lemma optimal_C0_mu_eq_C_mu:
  assumes n: "3 \<le> n" and mu: "pg_is_measure n mu" and opt: "C_mu n mu = C_L n"
  shows "C0_mu n mu = C_mu n mu"
proof -
  have counting: "pg_meas (\<lambda>_. 1) A = real (card A)" for A
    unfolding pg_meas_def by simp
  obtain x k where x: "x \<in> {1..n}" and tight: "pg_ratio n mu x k = C_mu n mu"
    and no_descent: "C_mu n mu * card (pg_ball n x k) \<le> card (pg_ball n x (2*k+1))"
    using optimal_measure_tight_ball[of n mu "\<lambda>_. 1"] n mu opt unfolding counting by auto
  have "k = 0"
  proof (rule ccontr)
    assume "k \<noteq> 0"
    then have "3 * real (card (pg_ball n x (2*k+1))) \<le> 7 * real (card (pg_ball n x k))"
      using card_pg_ball_double_le_7_3[OF x, of k] by (simp flip: of_nat_mult)
    moreover have "0 < card (pg_ball n x k)"
      using center_in_pg_ball[OF x] by (auto simp: card_gt_0_iff)
    then have "7/3 * card (pg_ball n x k) < C_mu n mu * card (pg_ball n x k)"
      using C_mu_gt_7_3[OF n mu] by (intro mult_strict_right_mono) auto
    ultimately have "card (pg_ball n x (2*k+1)) < C_mu n mu * card (pg_ball n x k)"
      by linarith
    with no_descent show False
      by simp
  qed
  with tight x have "C_mu n mu \<le> C0_mu n mu"
    unfolding C0_mu_eq_Max by (metis Max_ge finite_atLeastAtMost finite_imageI image_eqI)
  with C0_mu_le_C_mu[of n mu] n show ?thesis
    by simp
qed

subsection \<open>Unimodality\<close>

lemma concave_symmetric_mono:
  fixes f :: "nat \<Rightarrow> real"
  assumes concave: "\<And>z. 2 \<le> z \<Longrightarrow> z < n \<Longrightarrow> f (z - 1) + f (z + 1) \<le> 2 * f z"
    and symmetric: "\<And>y. y \<in> {1..n} \<Longrightarrow> f (n + 1 - y) = f y"
    and ij: "1 \<le> i" "i \<le> j" "i + j \<le> n + 1"
  shows "f i \<le> f j"
proof -
  have slope_decreasing: "f (j + 1) - f j \<le> f (i + 1) - f i" if "1 \<le> i" "i \<le> j" "j < n" for i j
    using that(2,3)
  proof (induction j rule: dec_induct)
    case (step j)
    then show ?case
      using concave[of "j + 1"] that(1) by simp
  qed simp
  \<comment> \<open>by symmetry the slope at \<open>n - z\<close> is minus the slope at \<open>z\<close>\<close>
  have step_up: "f z \<le> f (z + 1)" if "1 \<le> z" "2 * z \<le> n" for z
  proof -
    have "f (n - z + 1) - f (n - z) \<le> f (z + 1) - f z"
      using slope_decreasing[of z "n - z"] that by simp
    moreover have "f (n - z + 1) = f z" "f (n - z) = f (z + 1)"
      using symmetric[of z] symmetric[of "z + 1"] that by (simp_all add: Suc_diff_le)
    ultimately show ?thesis
      by simp
  qed
  have left_half: "f i \<le> f j" if "1 \<le> i" "i \<le> j" "2 * j \<le> n + 2" for i j
    using that(2,3)
  proof (induction j rule: dec_induct)
    case (step j)
    then show ?case
      using step_up[of j] that(1) by simp
  qed simp
  show ?thesis
  proof (cases "2 * j \<le> n + 2")
    case False
    then have "f i \<le> f (n + 1 - j)"
      using ij by (intro left_half) auto
    also have "\<dots> = f j"
      using ij by (intro symmetric) auto
    finally show ?thesis .
  qed (use ij left_half in auto)
qed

YOUR OBJECTIVE -
From the first line to the last, return the records unchanged.

SOLUTION TO THIS TASK -
lemma optimal_C0_mu_eq_C_mu:
  assumes n: "3 \<le> n" and mu: "pg_is_measure n mu" and opt: "C_mu n mu = C_L n"
  shows "C0_mu n mu = C_mu n mu"
proof -
  have counting: "pg_meas (\<lambda>_. 1) A = real (card A)" for A
    unfolding pg_meas_def by simp
  obtain x k where x: "x \<in> {1..n}" and tight: "pg_ratio n mu x k = C_mu n mu"
    and no_descent: "C_mu n mu * card (pg_ball n x k) \<le> card (pg_ball n x (2*k+1))"
    using optimal_measure_tight_ball[of n mu "\<lambda>_. 1"] n mu opt unfolding counting by auto
  have "k = 0"
  proof (rule ccontr)
    assume "k \<noteq> 0"
    then have "3 * real (card (pg_ball n x (2*k+1))) \<le> 7 * real (card (pg_ball n x k))"
      using card_pg_ball_double_le_7_3[OF x, of k] by (simp flip: of_nat_mult)
    moreover have "0 < card (pg_ball n x k)"
      using center_in_pg_ball[OF x] by (auto simp: card_gt_0_iff)
    then have "7/3 * card (pg_ball n x k) < C_mu n mu * card (pg_ball n x k)"
      using C_mu_gt_7_3[OF n mu] by (intro mult_strict_right_mono) auto
    ultimately have "card (pg_ball n x (2*k+1)) < C_mu n mu * card (pg_ball n x k)"
      by linarith
    with no_descent show False
      by simp
  qed
  with tight x have "C_mu n mu \<le> C0_mu n mu"
    unfolding C0_mu_eq_Max by (metis Max_ge finite_atLeastAtMost finite_imageI image_eqI)
  with C0_mu_le_C_mu[of n mu] n show ?thesis
    by simp
qed

subsection \<open>Unimodality\<close>

lemma concave_symmetric_mono:
  fixes f :: "nat \<Rightarrow> real"
  assumes concave: "\<And>z. 2 \<le> z \<Longrightarrow> z < n \<Longrightarrow> f (z - 1) + f (z + 1) \<le> 2 * f z"
    and symmetric: "\<And>y. y \<in> {1..n} \<Longrightarrow> f (n + 1 - y) = f y"
    and ij: "1 \<le> i" "i \<le> j" "i + j \<le> n + 1"
  shows "f i \<le> f j"
proof -
  have slope_decreasing: "f (j + 1) - f j \<le> f (i + 1) - f i" if "1 \<le> i" "i \<le> j" "j < n" for i j
    using that(2,3)
  proof (induction j rule: dec_induct)
    case (step j)
    then show ?case
      using concave[of "j + 1"] that(1) by simp
  qed simp
  \<comment> \<open>by symmetry the slope at \<open>n - z\<close> is minus the slope at \<open>z\<close>\<close>
  have step_up: "f z \<le> f (z + 1)" if "1 \<le> z" "2 * z \<le> n" for z
  proof -
    have "f (n - z + 1) - f (n - z) \<le> f (z + 1) - f z"
      using slope_decreasing[of z "n - z"] that by simp
    moreover have "f (n - z + 1) = f z" "f (n - z) = f (z + 1)"
      using symmetric[of z] symmetric[of "z + 1"] that by (simp_all add: Suc_diff_le)
    ultimately show ?thesis
      by simp
  qed
  have left_half: "f i \<le> f j" if "1 \<le> i" "i \<le> j" "2 * j \<le> n + 2" for i j
    using that(2,3)
  proof (induction j rule: dec_induct)
    case (step j)
    then show ?case
      using step_up[of j] that(1) by simp
  qed simp
  show ?thesis
  proof (cases "2 * j \<le> n + 2")
    case False
    then have "f i \<le> f (n + 1 - j)"
      using ij by (intro left_half) auto
    also have "\<dots> = f j"
      using ij by (intro symmetric) auto
    finally show ?thesis .
  qed (use ij left_half in auto)
qed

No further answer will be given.